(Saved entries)

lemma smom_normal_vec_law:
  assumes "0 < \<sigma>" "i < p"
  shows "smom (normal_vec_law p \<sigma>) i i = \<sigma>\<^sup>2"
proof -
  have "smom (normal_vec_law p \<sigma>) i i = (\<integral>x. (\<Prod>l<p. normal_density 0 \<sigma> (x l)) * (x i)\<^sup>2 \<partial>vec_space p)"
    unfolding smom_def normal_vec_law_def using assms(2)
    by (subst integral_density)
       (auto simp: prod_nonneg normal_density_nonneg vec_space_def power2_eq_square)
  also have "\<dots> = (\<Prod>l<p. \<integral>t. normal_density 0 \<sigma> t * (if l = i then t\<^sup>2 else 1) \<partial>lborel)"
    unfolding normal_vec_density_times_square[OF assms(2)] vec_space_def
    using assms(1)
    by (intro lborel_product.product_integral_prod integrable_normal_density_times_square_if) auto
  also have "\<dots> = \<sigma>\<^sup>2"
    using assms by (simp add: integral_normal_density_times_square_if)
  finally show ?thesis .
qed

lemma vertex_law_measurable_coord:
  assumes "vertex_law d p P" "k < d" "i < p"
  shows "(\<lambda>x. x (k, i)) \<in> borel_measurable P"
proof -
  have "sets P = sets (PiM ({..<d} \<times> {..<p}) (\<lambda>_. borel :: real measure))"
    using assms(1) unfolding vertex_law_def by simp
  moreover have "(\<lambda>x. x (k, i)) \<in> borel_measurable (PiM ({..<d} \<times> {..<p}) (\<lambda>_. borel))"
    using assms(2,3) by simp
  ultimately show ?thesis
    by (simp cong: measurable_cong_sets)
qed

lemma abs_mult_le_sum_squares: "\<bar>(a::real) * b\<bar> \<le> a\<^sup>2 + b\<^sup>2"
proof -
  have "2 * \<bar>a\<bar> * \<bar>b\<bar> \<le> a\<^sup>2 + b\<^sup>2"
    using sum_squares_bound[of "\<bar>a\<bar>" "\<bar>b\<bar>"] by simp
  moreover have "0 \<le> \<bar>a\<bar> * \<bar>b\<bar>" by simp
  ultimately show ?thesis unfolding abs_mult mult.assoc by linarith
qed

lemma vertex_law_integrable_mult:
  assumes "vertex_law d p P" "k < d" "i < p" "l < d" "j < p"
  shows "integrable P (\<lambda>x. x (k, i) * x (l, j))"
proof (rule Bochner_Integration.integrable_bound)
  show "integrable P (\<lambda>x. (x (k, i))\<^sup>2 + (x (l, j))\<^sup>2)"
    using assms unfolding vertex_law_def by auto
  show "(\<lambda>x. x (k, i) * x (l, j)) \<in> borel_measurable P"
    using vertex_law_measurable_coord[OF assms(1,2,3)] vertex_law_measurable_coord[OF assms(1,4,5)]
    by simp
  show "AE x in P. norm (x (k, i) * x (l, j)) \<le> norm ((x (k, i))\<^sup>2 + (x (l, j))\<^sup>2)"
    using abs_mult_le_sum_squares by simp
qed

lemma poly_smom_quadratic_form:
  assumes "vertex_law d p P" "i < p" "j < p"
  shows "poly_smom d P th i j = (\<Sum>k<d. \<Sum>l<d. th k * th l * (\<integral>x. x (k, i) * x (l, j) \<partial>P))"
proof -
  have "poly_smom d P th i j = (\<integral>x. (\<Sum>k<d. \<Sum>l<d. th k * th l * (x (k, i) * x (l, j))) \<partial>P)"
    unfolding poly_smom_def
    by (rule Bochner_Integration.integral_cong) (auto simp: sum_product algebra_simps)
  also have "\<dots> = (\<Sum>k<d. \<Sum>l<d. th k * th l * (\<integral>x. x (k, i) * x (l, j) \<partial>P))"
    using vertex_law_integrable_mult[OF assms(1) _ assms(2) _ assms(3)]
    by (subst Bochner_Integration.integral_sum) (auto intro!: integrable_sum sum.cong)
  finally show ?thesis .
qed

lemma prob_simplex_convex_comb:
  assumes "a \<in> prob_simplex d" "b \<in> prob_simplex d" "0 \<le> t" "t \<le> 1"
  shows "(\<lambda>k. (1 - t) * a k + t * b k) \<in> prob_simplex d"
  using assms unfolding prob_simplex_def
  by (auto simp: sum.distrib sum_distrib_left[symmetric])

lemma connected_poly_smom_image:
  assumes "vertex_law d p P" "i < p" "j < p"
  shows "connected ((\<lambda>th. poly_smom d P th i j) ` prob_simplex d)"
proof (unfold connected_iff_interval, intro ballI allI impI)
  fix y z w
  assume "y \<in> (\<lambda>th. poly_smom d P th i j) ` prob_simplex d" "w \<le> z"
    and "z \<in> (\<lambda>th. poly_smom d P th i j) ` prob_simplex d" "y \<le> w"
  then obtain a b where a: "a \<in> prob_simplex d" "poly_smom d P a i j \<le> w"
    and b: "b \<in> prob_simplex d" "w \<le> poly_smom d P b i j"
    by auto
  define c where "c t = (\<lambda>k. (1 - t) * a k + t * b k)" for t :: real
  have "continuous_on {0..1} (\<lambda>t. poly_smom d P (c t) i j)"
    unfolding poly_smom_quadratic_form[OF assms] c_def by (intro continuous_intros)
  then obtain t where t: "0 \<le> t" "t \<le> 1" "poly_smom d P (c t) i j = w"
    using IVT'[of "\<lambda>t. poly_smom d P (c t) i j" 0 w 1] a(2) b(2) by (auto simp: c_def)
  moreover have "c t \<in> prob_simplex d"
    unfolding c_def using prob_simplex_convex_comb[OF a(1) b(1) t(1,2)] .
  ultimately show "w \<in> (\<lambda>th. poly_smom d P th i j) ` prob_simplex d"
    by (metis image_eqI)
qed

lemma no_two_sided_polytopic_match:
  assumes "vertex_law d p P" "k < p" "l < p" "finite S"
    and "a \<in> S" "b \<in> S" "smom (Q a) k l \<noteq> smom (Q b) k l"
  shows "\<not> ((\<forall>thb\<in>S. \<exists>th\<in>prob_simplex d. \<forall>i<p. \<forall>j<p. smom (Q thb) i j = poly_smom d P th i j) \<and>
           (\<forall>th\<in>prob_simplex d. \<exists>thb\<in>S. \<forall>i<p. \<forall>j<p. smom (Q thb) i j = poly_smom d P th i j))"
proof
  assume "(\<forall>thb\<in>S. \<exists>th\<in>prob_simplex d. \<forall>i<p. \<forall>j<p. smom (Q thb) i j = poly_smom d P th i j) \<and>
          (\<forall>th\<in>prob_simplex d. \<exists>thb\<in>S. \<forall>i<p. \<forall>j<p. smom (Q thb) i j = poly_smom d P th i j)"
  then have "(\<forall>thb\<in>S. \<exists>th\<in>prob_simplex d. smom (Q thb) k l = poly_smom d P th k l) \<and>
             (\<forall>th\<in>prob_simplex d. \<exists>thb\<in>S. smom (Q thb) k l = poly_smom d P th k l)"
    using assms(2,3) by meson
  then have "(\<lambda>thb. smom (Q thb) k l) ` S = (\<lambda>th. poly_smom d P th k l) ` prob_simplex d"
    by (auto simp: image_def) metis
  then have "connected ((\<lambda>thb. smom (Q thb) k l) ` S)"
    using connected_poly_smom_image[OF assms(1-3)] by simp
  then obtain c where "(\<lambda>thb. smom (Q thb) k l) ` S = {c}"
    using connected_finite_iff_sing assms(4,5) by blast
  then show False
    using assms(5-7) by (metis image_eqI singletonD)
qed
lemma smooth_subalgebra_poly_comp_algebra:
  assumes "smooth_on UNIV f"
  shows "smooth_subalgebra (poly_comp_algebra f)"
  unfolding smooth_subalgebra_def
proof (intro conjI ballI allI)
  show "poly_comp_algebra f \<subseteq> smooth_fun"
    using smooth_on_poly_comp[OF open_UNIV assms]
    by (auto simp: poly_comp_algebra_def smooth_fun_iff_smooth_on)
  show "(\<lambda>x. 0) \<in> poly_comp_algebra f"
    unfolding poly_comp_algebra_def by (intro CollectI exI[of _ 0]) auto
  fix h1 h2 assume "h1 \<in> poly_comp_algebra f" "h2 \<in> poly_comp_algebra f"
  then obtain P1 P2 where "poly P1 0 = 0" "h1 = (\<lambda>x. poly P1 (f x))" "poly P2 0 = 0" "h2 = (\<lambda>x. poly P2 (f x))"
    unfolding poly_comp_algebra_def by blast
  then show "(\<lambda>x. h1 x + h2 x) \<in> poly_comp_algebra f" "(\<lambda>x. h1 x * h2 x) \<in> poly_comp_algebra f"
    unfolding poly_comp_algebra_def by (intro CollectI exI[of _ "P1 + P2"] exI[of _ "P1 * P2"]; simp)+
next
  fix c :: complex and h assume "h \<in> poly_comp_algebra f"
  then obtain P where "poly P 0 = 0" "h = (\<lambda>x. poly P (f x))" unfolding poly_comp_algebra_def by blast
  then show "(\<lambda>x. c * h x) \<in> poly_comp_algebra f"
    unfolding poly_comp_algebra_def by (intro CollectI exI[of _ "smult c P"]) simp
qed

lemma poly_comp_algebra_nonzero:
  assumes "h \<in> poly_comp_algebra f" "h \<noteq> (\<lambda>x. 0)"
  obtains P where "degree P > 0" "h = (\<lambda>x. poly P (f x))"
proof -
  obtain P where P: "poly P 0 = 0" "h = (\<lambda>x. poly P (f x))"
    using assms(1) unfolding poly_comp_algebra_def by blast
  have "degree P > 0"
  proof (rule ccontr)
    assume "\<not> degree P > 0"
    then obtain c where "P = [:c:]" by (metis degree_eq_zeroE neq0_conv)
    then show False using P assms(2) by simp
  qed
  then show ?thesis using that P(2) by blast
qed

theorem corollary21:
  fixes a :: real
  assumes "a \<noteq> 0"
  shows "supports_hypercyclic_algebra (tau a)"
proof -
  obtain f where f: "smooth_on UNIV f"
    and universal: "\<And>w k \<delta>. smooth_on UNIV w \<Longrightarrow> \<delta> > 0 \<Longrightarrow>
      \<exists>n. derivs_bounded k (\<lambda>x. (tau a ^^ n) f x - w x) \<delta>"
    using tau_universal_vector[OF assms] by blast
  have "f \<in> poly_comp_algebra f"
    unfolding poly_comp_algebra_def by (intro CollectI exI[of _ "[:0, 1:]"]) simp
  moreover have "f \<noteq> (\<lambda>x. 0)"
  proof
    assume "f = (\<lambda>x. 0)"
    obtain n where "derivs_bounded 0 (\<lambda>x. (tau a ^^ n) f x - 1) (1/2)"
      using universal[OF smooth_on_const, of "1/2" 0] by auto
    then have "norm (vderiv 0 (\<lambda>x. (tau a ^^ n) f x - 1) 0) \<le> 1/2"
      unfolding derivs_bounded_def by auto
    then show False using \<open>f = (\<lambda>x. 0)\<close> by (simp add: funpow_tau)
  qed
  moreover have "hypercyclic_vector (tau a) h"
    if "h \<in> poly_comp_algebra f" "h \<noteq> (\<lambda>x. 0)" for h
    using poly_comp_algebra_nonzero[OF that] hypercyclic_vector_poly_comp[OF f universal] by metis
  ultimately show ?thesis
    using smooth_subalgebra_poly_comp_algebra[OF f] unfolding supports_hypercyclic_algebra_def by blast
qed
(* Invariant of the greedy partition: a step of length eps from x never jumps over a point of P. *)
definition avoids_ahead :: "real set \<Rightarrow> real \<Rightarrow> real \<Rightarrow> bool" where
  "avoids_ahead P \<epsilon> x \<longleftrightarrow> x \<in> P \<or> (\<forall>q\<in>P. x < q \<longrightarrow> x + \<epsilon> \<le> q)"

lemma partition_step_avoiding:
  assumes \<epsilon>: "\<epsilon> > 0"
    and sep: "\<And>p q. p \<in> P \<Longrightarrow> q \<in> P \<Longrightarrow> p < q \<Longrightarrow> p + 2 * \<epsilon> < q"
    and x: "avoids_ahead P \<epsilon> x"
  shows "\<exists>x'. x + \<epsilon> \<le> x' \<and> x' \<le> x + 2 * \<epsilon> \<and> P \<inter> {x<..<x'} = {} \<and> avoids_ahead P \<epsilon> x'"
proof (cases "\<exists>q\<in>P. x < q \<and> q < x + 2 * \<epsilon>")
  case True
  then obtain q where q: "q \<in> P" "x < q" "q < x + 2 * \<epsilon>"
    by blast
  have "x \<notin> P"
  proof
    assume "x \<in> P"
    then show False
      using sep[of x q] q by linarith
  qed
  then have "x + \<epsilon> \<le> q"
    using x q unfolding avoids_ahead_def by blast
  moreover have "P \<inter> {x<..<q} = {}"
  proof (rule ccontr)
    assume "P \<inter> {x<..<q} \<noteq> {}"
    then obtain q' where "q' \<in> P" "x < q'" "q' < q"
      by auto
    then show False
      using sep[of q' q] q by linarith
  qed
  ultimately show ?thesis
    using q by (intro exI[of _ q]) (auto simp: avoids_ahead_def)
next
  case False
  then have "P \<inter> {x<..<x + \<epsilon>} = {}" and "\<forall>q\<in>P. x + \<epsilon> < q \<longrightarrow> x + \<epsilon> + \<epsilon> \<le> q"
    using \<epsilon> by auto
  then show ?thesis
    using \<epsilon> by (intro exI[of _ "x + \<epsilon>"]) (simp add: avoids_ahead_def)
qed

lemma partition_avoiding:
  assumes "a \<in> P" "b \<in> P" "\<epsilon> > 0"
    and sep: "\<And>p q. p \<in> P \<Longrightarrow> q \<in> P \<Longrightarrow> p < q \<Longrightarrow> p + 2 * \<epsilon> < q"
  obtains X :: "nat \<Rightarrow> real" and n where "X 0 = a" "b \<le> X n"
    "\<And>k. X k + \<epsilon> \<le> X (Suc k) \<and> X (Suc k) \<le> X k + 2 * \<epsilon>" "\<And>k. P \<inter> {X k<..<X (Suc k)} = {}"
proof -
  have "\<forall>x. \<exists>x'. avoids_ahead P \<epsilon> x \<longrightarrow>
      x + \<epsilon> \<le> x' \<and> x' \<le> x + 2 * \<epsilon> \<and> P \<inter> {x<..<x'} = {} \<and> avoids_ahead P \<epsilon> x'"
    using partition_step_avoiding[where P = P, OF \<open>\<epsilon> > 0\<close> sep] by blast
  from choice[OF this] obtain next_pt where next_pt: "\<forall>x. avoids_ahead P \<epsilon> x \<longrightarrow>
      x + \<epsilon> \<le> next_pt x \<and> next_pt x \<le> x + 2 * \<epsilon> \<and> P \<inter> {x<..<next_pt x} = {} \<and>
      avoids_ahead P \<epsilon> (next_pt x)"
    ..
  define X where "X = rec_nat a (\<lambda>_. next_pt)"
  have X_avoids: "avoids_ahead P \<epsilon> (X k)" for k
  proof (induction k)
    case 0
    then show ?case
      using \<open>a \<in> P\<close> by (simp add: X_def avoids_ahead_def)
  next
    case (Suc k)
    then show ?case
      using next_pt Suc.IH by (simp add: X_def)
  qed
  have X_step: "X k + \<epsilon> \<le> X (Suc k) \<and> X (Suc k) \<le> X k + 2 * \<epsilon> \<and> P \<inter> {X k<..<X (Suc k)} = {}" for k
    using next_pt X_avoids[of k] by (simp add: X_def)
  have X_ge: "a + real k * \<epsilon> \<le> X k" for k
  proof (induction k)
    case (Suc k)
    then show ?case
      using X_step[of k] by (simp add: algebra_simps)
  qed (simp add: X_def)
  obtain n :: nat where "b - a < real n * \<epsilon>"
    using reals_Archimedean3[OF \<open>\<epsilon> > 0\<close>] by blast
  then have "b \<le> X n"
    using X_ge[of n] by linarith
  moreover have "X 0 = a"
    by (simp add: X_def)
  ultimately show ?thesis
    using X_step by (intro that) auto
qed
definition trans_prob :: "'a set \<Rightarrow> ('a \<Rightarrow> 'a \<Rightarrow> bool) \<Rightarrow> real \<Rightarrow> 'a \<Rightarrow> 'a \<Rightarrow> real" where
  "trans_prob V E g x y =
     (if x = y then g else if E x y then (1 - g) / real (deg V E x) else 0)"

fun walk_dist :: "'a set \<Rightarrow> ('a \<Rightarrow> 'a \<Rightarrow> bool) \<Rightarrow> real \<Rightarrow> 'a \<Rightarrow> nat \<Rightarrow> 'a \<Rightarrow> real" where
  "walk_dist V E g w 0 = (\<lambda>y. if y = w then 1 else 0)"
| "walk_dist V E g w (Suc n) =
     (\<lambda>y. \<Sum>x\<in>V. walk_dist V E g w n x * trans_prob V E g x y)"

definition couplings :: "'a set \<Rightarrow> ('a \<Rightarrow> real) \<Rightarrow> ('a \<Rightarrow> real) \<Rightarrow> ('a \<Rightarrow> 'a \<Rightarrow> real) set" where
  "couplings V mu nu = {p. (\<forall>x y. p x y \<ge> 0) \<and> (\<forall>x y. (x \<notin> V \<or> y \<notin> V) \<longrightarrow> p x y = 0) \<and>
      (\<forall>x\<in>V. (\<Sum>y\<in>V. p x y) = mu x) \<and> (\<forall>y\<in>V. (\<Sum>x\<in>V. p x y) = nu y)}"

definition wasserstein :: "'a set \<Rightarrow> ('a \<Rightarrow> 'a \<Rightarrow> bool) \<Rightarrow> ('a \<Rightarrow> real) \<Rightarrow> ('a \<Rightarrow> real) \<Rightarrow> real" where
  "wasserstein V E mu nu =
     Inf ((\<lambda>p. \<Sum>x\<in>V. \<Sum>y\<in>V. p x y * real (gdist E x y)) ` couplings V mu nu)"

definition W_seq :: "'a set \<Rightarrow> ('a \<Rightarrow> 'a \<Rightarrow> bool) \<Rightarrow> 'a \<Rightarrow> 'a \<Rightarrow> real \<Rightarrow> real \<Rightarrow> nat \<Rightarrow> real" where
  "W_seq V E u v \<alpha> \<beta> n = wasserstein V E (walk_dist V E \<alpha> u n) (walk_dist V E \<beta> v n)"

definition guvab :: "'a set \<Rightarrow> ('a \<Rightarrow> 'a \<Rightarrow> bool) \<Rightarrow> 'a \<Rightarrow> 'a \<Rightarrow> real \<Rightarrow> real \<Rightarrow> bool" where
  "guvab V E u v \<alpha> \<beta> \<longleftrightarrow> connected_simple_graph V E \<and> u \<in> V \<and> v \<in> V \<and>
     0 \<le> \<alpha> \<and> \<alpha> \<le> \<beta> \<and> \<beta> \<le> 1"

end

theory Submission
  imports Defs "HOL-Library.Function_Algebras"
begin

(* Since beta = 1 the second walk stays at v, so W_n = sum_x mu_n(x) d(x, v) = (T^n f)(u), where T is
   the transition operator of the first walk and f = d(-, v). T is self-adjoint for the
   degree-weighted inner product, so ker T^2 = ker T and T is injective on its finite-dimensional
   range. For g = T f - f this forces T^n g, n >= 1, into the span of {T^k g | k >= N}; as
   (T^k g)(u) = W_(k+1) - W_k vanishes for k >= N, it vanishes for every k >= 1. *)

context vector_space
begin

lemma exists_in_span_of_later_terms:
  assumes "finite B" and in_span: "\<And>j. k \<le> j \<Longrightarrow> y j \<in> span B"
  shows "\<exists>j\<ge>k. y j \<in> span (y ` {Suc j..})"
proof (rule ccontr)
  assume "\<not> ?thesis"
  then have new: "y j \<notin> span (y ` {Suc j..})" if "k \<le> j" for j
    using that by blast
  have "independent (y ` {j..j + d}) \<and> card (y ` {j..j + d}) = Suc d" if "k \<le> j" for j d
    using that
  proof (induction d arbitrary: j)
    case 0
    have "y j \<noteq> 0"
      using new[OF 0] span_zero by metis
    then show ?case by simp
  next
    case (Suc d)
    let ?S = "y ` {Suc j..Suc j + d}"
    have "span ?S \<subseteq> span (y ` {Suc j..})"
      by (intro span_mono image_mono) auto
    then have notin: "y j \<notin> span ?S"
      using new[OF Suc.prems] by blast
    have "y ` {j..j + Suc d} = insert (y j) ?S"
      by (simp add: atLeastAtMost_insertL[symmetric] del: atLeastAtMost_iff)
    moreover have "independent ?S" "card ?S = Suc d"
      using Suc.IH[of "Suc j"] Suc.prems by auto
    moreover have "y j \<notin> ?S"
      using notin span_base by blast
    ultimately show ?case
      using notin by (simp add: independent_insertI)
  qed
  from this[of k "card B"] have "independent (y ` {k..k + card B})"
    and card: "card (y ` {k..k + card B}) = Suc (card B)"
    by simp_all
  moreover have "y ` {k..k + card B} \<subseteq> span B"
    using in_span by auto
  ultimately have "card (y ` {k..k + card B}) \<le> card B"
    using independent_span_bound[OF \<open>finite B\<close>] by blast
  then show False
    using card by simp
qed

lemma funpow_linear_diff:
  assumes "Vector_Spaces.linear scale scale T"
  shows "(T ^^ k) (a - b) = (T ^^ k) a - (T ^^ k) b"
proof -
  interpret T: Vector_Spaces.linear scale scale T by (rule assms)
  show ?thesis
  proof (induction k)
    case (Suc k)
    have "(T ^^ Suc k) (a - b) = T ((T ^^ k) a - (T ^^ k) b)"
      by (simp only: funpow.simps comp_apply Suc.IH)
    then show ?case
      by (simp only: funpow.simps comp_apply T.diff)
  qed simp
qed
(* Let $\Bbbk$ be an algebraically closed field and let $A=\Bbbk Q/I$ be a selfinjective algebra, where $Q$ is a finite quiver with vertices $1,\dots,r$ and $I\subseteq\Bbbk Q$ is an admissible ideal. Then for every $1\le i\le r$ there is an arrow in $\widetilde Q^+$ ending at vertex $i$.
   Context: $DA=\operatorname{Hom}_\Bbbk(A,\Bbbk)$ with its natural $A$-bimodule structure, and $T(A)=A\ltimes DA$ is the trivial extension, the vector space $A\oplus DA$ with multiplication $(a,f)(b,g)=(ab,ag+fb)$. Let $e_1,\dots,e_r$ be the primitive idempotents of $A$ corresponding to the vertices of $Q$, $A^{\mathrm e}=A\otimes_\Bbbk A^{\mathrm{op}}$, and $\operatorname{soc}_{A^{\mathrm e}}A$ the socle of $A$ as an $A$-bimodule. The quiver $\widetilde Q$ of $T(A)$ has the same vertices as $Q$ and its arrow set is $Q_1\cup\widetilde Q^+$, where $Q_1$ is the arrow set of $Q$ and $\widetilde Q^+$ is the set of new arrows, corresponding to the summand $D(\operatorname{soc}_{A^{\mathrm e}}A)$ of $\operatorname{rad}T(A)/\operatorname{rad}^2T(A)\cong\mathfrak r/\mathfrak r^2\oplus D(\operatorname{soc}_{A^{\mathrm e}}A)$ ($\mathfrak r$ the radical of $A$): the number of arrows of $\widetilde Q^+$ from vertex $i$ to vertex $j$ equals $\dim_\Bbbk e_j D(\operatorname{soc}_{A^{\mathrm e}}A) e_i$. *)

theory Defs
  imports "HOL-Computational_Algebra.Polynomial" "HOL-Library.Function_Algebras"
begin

### Problem requirements:
Retype exactly the lines of the data above, starting at its first line and finishing with the line that has "by (subst integral_density)" in it.

### Result of the exercise:
lemma smom_normal_vec_law:
  assumes "0 < \<sigma>" "i < p"
  shows "smom (normal_vec_law p \<sigma>) i i = \<sigma>\<^sup>2"
proof -
  have "smom (normal_vec_law p \<sigma>) i i = (\<integral>x. (\<Prod>l<p. normal_density 0 \<sigma> (x l)) * (x i)\<^sup>2 \<partial>vec_space p)"
    unfolding smom_def normal_vec_law_def using assms(2)
    by (subst integral_density)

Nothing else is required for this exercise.